Syrian officials have previously denied any part of the country’s former stockpile remains undestroyed.
Syria agreed to give up its chemical weapons stockpile after hundreds of people died in an attack with Sarin nerve gas in a Damascus suburb in 2013. Western countries blame that attack on the government of Bashar al-Assad.
Hamish de Bretton-Gordon, a specialist in biological and chemical warfare, said ISIS fighters may have developed their own chemical weapons capability and could be preparing to use it again.

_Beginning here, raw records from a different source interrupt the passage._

(* If $\boldsymbol x^*$ is a pure Nash equilibrium of $\mathcal L(n,S)$, then for every $y\in S$, \[ \min_{i\in N}d(x_i^*,y)\le\frac{2\Lambda}{n}, \] where $\Lambda=\lambda(S)$.
   Context: Network: $(V,E)$ is a finite connected graph with no vertex of degree $2$; each edge $e$ has a length $\lambda(e)>0$. $S$ is the metric measure space obtained by identifying each edge with a segment of length $\lambda(e)$, with length measure $\lambda$ and shortest-path distance $d$. Location game $\mathcal L(n,S)$ with players $N=\{1,\dots,n\}$: each player chooses a point of $S$. Consumers are distributed according to $\lambda$, and each shops at a closest occupied location. Consumers equidistant from several closest occupied locations are split equally among those locations, and the share of a location is split equally among the players located there. Payoff is the mass of consumers attracted. Nash equilibria are pure. *)

theory Defs
  imports "HOL-Analysis.Analysis"
begin

text \<open>Vertices of type 'v (set V), edges of type 'e (set E); every
edge e joins src e and tgt e and has length len e > 0. Edges are parametrised from
src e (parameter 0) to tgt e (parameter len e).\<close>

text \<open>Points of the metric space S: either a vertex, or an interior point of an edge
at parameter t with 0 < t < len e. This realises the identification of edge
endpoints with vertices.\<close>
datatype ('v, 'e) point = Vert 'v | Inner 'e real

definition points :: "'v set \<Rightarrow> 'e set \<Rightarrow> ('e \<Rightarrow> real) \<Rightarrow> ('v, 'e) point set" where
  "points V E len = Vert ` V \<union> {Inner e t | e t. e \<in> E \<and> 0 < t \<and> t < len e}"

inductive reach :: "'e set \<Rightarrow> ('e \<Rightarrow> 'v) \<Rightarrow> ('e \<Rightarrow> 'v) \<Rightarrow> ('e \<Rightarrow> real)
    \<Rightarrow> 'v \<Rightarrow> 'v \<Rightarrow> real \<Rightarrow> bool"
  for E src tgt len where
  reach_refl: "reach E src tgt len u u 0"
| reach_step: "e \<in> E \<Longrightarrow> (a = src e \<and> b = tgt e) \<or> (a = tgt e \<and> b = src e)
     \<Longrightarrow> reach E src tgt len b w L \<Longrightarrow> reach E src tgt len a w (len e + L)"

“I’m pretty convinced that the mustard ISIS are using in Iraq is made by them in Mosul,” he said, referring to the main city in northern Iraq, which ISIS fighters have occupied since 2014. “They have all the precursors at hand from the oil industry and all the experts at hand to do it.”
Sulphur mustard is a class 1 chemical agent, which means it has very few uses outside chemical warfare. Used with lethal effectiveness in the first world war, it causes severe delayed burns to the eyes, skin and respiratory tract.